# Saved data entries

# # #

lemma not_connected_not_subset_component:
  assumes "\<not> connected_graph V E"
  shows "\<not> V \<subseteq> component E w"
proof
  let ?R = "{(p, q). {p, q} \<in> E}"
  assume sub: "V \<subseteq> component E w"
  have "(u, v) \<in> ?R\<^sup>*" if "u \<in> V" "v \<in> V" for u v
  proof -
    have "(w, u) \<in> ?R\<^sup>*" "(w, v) \<in> ?R\<^sup>*" using sub that by (auto simp: component_def)
    hence "(u, w) \<in> ?R\<^sup>*" "(w, v) \<in> ?R\<^sup>*" by (auto intro: symD[OF sym_rtrancl[OF sym_edge_rel]])
    thus ?thesis by (rule rtrancl_trans)
  qed
  thus False using assms unfolding connected_graph_def by blast
qed

lemma simple_graph_induced_edges:
  "simple_graph V E \<Longrightarrow> C \<subseteq> V \<Longrightarrow> simple_graph C (induced_edges E C)"
  by (auto simp: simple_graph_def induced_edges_def intro: finite_subset)

lemma no_isolated_component:
  assumes "simple_graph V E" "no_isolated V E" "w \<in> V"
  shows "no_isolated (component E w) (induced_edges E (component E w))"
  unfolding no_isolated_def
proof
  fix v assume v: "v \<in> component E w"
  have "\<forall>e\<in>E. e \<subseteq> V" using assms(1) by (simp add: simple_graph_def)
  hence "v \<in> V" using component_subset[of E V w] assms(3) v by blast
  then obtain e where e: "e \<in> E" "v \<in> e" using assms(2) unfolding no_isolated_def by blast
  moreover have "e \<subseteq> component E w"
    using edge_subset_component[OF e(1) _ e(2) v] e(1) assms(1) by (simp add: simple_graph_def)
  ultimately show "\<exists>e\<in>induced_edges E (component E w). v \<in> e"
    by (auto simp: induced_edges_def)
qed

lemma card_induced_edges_component_less:
  assumes "simple_graph V E" "no_isolated V E" "\<not> connected_graph V E"
  shows "card (induced_edges E (component E w)) < card E"
proof -
  obtain z where "z \<in> V" "z \<notin> component E w"
    using not_connected_not_subset_component[OF assms(3)] by blast
  then obtain e where "e \<in> E" "z \<in> e" "\<not> e \<subseteq> component E w"
    using assms(2) unfolding no_isolated_def by blast
  hence "induced_edges E (component E w) \<subset> E" by (auto simp: induced_edges_def)
  moreover have "finite E"
  proof (rule finite_subset)
    show "E \<subseteq> Pow V" "finite (Pow V)" using assms(1) by (auto simp: simple_graph_def)
  qed
  ultimately show ?thesis by (rule psubset_card_mono[rotated])
qed

lemma rayleigh_abs_eigenvector_on_component:
  assumes fin: "finite V" and edges: "\<forall>e\<in>E. e \<subseteq> V" and "w \<in> V"
    and eig: "eigenpair V (adj E) lam x"
  shows "lam * sq_norm (component E w) (\<lambda>v. \<bar>x v\<bar>)
           \<le> quad_form (component E w) (adj (induced_edges E (component E w))) (\<lambda>v. \<bar>x v\<bar>)"
proof -
  let ?C = "component E w"
  have "\<forall>u\<in>V - ?C. \<forall>v\<in>?C. adj E u v = 0" by (intro ballI adj_leaving_component) auto
  hence "quad_form ?C (adj E) x = lam * sq_norm ?C x"
    by (rule eigenpair_quad_form_on_closed[OF eig fin component_subset[OF edges \<open>w \<in> V\<close>]])
  hence "lam * sq_norm ?C (\<lambda>v. \<bar>x v\<bar>) = quad_form ?C (adj E) x" by simp
  also have "\<dots> \<le> quad_form ?C (adj E) (\<lambda>v. \<bar>x v\<bar>)"
    by (rule quad_form_nonneg_weights_abs) (rule adj_nonneg)
  also have "\<dots> = quad_form ?C (adj (induced_edges E ?C)) (\<lambda>v. \<bar>x v\<bar>)"
    unfolding quad_form_def by (intro sum.cong refl) (simp add: adj_induced_edges)
  finally show ?thesis .
qed

section \<open>Attaching pendant edges\<close>

lemma contains_H43_mono:
  assumes "contains_H43 V E" "V \<subseteq> V'" "E \<subseteq> E'"
  shows "contains_H43 V' E'"
proof -
  obtain a b c d x y where "a \<in> V" "b \<in> V" "c \<in> V" "d \<in> V" "x \<in> V" "y \<in> V"
    "distinct [a, b, c, d, x, y]"
    "{a, b} \<in> E" "{b, c} \<in> E" "{c, d} \<in> E" "{d, a} \<in> E" "{a, x} \<in> E" "{x, y} \<in> E" "{y, a} \<in> E"
    using assms(1) unfolding contains_H43_def by blast
  thus ?thesis unfolding contains_H43_def using assms(2,3) by blast
qed

lemma H43_free_subgraph: "H43_free V' E' \<Longrightarrow> V \<subseteq> V' \<Longrightarrow> E \<subseteq> E' \<Longrightarrow> H43_free V E"
  unfolding H43_free_def using contains_H43_mono by blast

definition add_pendants :: "'a \<Rightarrow> 'a set \<Rightarrow> 'a set set \<Rightarrow> 'a set set" where
  "add_pendants w P E = E \<union> (\<lambda>p. {w, p}) ` P"

lemma add_pendants_neighbour:
  assumes "\<forall>e\<in>E. e \<subseteq> V" "w \<in> V" "P \<inter> V = {}" "p \<in> P" "{p, t} \<in> add_pendants w P E"
  shows "t = w"
proof -
  have "p \<notin> V" "p \<noteq> w" using assms(2-4) by auto
  hence "{p, t} \<notin> E" using assms(1) by auto
  then obtain q where "{p, t} = {w, q}" using assms(5) by (auto simp: add_pendants_def)
  thus ?thesis using \<open>p \<noteq> w\<close> by (auto simp: doubleton_eq_iff)
qed

lemma add_pendants_old_edge:
  assumes "{s, t} \<in> add_pendants w P E" "s \<notin> P" "t \<notin> P"
  shows "{s, t} \<in> E"
  using assms by (auto simp: add_pendants_def doubleton_eq_iff)

lemma H43_free_add_pendants:
  assumes free: "H43_free V E" and edges: "\<forall>e\<in>E. e \<subseteq> V" and "w \<in> V" and disj: "P \<inter> V = {}"
  shows "H43_free (V \<union> P) (add_pendants w P E)"
  unfolding H43_free_def
proof
  let ?E = "add_pendants w P E"
  have old: "v \<notin> P" if "{v, s} \<in> ?E" "{t, v} \<in> ?E" "s \<noteq> t" for v s t
  proof
    assume "v \<in> P"
    have "{v, t} \<in> ?E" using that(2) by (simp add: insert_commute)
    hence "t = w" by (rule add_pendants_neighbour[OF edges \<open>w \<in> V\<close> disj \<open>v \<in> P\<close>])
    moreover have "s = w" by (rule add_pendants_neighbour[OF edges \<open>w \<in> V\<close> disj \<open>v \<in> P\<close> that(1)])
    ultimately show False using that(3) by simp
  qed
  assume "contains_H43 (V \<union> P) ?E"
  then obtain a b c d x y where
    vs: "a \<in> V \<union> P" "b \<in> V \<union> P" "c \<in> V \<union> P" "d \<in> V \<union> P" "x \<in> V \<union> P" "y \<in> V \<union> P"
    and dis: "distinct [a, b, c, d, x, y]"
    and es: "{a, b} \<in> ?E" "{b, c} \<in> ?E" "{c, d} \<in> ?E" "{d, a} \<in> ?E"
      "{a, x} \<in> ?E" "{x, y} \<in> ?E" "{y, a} \<in> ?E"
    unfolding contains_H43_def by (elim exE conjE) (rule that; assumption)
  have "a \<notin> P" using old[OF es(1) es(4)] dis by auto
  moreover have "b \<notin> P" using old[OF es(2) es(1)] dis by auto
  moreover have "c \<notin> P" using old[OF es(3) es(2)] dis by auto
  moreover have "d \<notin> P" using old[OF es(4) es(3)] dis by auto
  moreover have "x \<notin> P" using old[OF es(6) es(5)] dis by auto
  moreover have "y \<notin> P" using old[OF es(7) es(6)] dis by auto
  ultimately have "a \<in> V \<and> b \<in> V \<and> c \<in> V \<and> d \<in> V \<and> x \<in> V \<and> y \<in> V \<and> distinct [a, b, c, d, x, y] \<and>
      {a, b} \<in> E \<and> {b, c} \<in> E \<and> {c, d} \<in> E \<and> {d, a} \<in> E \<and>
      {a, x} \<in> E \<and> {x, y} \<in> E \<and> {y, a} \<in> E"
    using vs dis add_pendants_old_edge[OF es(1)] add_pendants_old_edge[OF es(2)]
      add_pendants_old_edge[OF es(3)] add_pendants_old_edge[OF es(4)] add_pendants_old_edge[OF es(5)]
      add_pendants_old_edge[OF es(6)] add_pendants_old_edge[OF es(7)]
    by simp
  hence "contains_H43 V E" unfolding contains_H43_def by blast
  thus False using free by (simp add: H43_free_def)
qed

lemma H43_free_class_add_pendants:
  assumes "simple_graph V E" "no_isolated V E" "H43_free V E" "w \<in> V"
    and "finite P" "P \<inter> V = {}" "card E + card P = m"
  shows "H43_free_class m (V \<union> P) (add_pendants w P E)"
  unfolding H43_free_class_def
proof (intro conjI)
  have edges: "\<forall>e\<in>E. e \<subseteq> V" and fin: "finite V" "finite E"
    using assms(1) unfolding simple_graph_def by (auto intro: finite_subset[of E "Pow V"])
  have "w \<notin> P" using assms(4,6) by blast
  have "card {w, p} = 2" if "p \<in> P" for p
  proof -
    have "w \<noteq> p" using that \<open>w \<notin> P\<close> by blast
    thus ?thesis by simp
  qed
  thus "simple_graph (V \<union> P) (add_pendants w P E)"
    using assms(1,4,5) by (auto simp: simple_graph_def add_pendants_def)
  have "inj_on (\<lambda>p. {w, p}) P" using \<open>w \<notin> P\<close> by (auto simp: inj_on_def doubleton_eq_iff)
  have "E \<inter> (\<lambda>p. {w, p}) ` P = {}" using edges assms(6) by fastforce
  hence "card (add_pendants w P E) = card E + card ((\<lambda>p. {w, p}) ` P)"
    unfolding add_pendants_def using fin assms(5) by (intro card_Un_disjoint) auto
  also have "card ((\<lambda>p. {w, p}) ` P) = card P" by (rule card_image) fact
  finally show "card (add_pendants w P E) = m" using assms(7) by simp
  show "no_isolated (V \<union> P) (add_pendants w P E)"
    unfolding no_isolated_def
  proof
    fix v assume "v \<in> V \<union> P"
    show "\<exists>e\<in>add_pendants w P E. v \<in> e"
    proof (cases "v \<in> V")
      case True
      then obtain e where "e \<in> E" "v \<in> e" using assms(2) unfolding no_isolated_def by blast
      thus ?thesis by (auto simp: add_pendants_def)
    next
      case False
      hence "{w, v} \<in> add_pendants w P E" using \<open>v \<in> V \<union> P\<close> by (simp add: add_pendants_def)
      thus ?thesis by blast
    qed
  qed
  show "H43_free (V \<union> P) (add_pendants w P E)"
    using H43_free_add_pendants[OF assms(3) edges assms(4,6)] .
qed

lemma adj_add_pendants:
  assumes "\<forall>e\<in>E. e \<subseteq> V" "w \<in> V" "P \<inter> V = {}"
  shows "adj (add_pendants w P E)
           = (\<lambda>u v. adj E u v + ((if u = w \<and> v \<in> P then 1 else 0) + (if v = w \<and> u \<in> P then 1 else 0)))"
  using assms by (fastforce simp: adj_def add_pendants_def doubleton_eq_iff)

lemma quad_form_add_pendants:
  assumes "finite V" "finite P" and edges: "\<forall>e\<in>E. e \<subseteq> V" and "w \<in> V" "P \<inter> V = {}"
    and "\<forall>p\<in>P. y p = c"
  shows "quad_form (V \<union> P) (adj (add_pendants w P E)) y
           = quad_form V (adj E) y + 2 * real (card P) * y w * c"
proof -
  let ?s = "\<lambda>u v. if u = w \<and> v \<in> P then 1 else 0 :: real"
  have "quad_form (V \<union> P) (adj E) y = quad_form V (adj E) y"
    using assms(1,2) edges by (intro quad_form_supported) (auto simp: adj_def split: if_splits)
  moreover have "quad_form (V \<union> P) ?s y = real (card P) * y w * c"
    using assms by (intro quad_form_star) auto
  moreover have "quad_form (V \<union> P) (\<lambda>u v. ?s v u) y = quad_form (V \<union> P) ?s y"
    by (rule quad_form_transpose)
  ultimately show ?thesis
    unfolding adj_add_pendants[OF edges assms(4,5)] quad_form_add by simp
qed

text \<open>The test vector is y on V and \<open>\<epsilon> = y w / (\<bar>\<lambda>\<bar> + 1)\<close> on the pendant vertices; this
choice makes the gain \<open>2 k (y w) \<epsilon>\<close> in the quadratic form beat the cost \<open>\<lambda> k \<epsilon>\<^sup>2\<close> in the norm.\<close>

lemma spectral_radius_add_pendants_gt:
  assumes fin: "finite V" "finite P" and edges: "\<forall>e\<in>E. e \<subseteq> V" and "w \<in> V"
    and "P \<noteq> {}" "P \<inter> V = {}"
    and yw: "y w > 0" and ray: "lam * sq_norm V y \<le> quad_form V (adj E) y"
  shows "lam < spectral_radius (V \<union> P) (add_pendants w P E)"
proof -
  define k where "k = real (card P)"
  define eps where "eps = y w / (\<bar>lam\<bar> + 1)"
  define z where "z = (\<lambda>v. if v \<in> P then eps else y v)"
  have kpos: "k > 0" using assms(2,5) by (simp add: k_def card_gt_0_iff)
  have epspos: "eps > 0" using yw by (simp add: eps_def)
  have "lam * eps \<le> \<bar>lam\<bar> * eps" using epspos by (simp add: mult_right_mono)
  also have "\<dots> < y w" using yw by (simp add: eps_def field_simps)
  finally have "lam * eps < 2 * y w" using yw by linarith
  hence "(k * eps) * (lam * eps) < (k * eps) * (2 * y w)"
    using kpos epspos by (intro mult_strict_left_mono) auto
  hence gain: "lam * (k * eps\<^sup>2) < 2 * k * y w * eps" by (simp add: power2_eq_square mult_ac)
  have zV: "z v = y v" if "v \<in> V" for v using that assms(6) by (auto simp: z_def)
  have "sq_norm (V \<union> P) z = sq_norm V z + sq_norm P z"
    unfolding sq_norm_def using fin assms(6) by (simp add: sum.union_disjoint Int_commute)
  hence norm: "sq_norm (V \<union> P) z = sq_norm V y + k * eps\<^sup>2"
    using zV by (simp add: sq_norm_def z_def k_def)
  have "quad_form (V \<union> P) (adj (add_pendants w P E)) z
          = quad_form V (adj E) z + 2 * k * z w * eps"
    unfolding k_def by (rule quad_form_add_pendants[OF fin edges \<open>w \<in> V\<close> assms(6)])
      (simp add: z_def)
  also have "\<dots> = quad_form V (adj E) y + 2 * k * y w * eps"
    using zV \<open>w \<in> V\<close> unfolding quad_form_def by simp
  finally have "lam * sq_norm (V \<union> P) z < quad_form (V \<union> P) (adj (add_pendants w P E)) z"
    using ray gain norm by (simp add: distrib_left)
  also have "\<dots> \<le> spectral_radius (V \<union> P) (add_pendants w P E) * sq_norm (V \<union> P) z"
  proof -
    have "finite (V \<union> P)" "V \<union> P \<noteq> {}" using fin \<open>w \<in> V\<close> by auto
    thus ?thesis using spectral_radius_rayleigh by blast
  qed
  finally show ?thesis
    using sq_norm_nonneg mult_right_less_imp_less by blast
qed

# # #

# Exercise aim
Looking over the records, find each line with the word "inter" and copy it.

# The answer
  assumes "\<forall>e\<in>E. e \<subseteq> V" "w \<in> V" "P \<inter> V = {}" "p \<in> P" "{p, t} \<in> add_pendants w P E"
  assumes free: "H43_free V E" and edges: "\<forall>e\<in>E. e \<subseteq> V" and "w \<in> V" and disj: "P \<inter> V = {}"
    and "finite P" "P \<inter> V = {}" "card E + card P = m"
  have "E \<inter> (\<lambda>p. {w, p}) ` P = {}" using edges assms(6) by fastforce
  assumes "\<forall>e\<in>E. e \<subseteq> V" "w \<in> V" "P \<inter> V = {}"
  assumes "finite V" "finite P" and edges: "\<forall>e\<in>E. e \<subseteq> V" and "w \<in> V" "P \<inter> V = {}"
    and "P \<noteq> {}" "P \<inter> V = {}"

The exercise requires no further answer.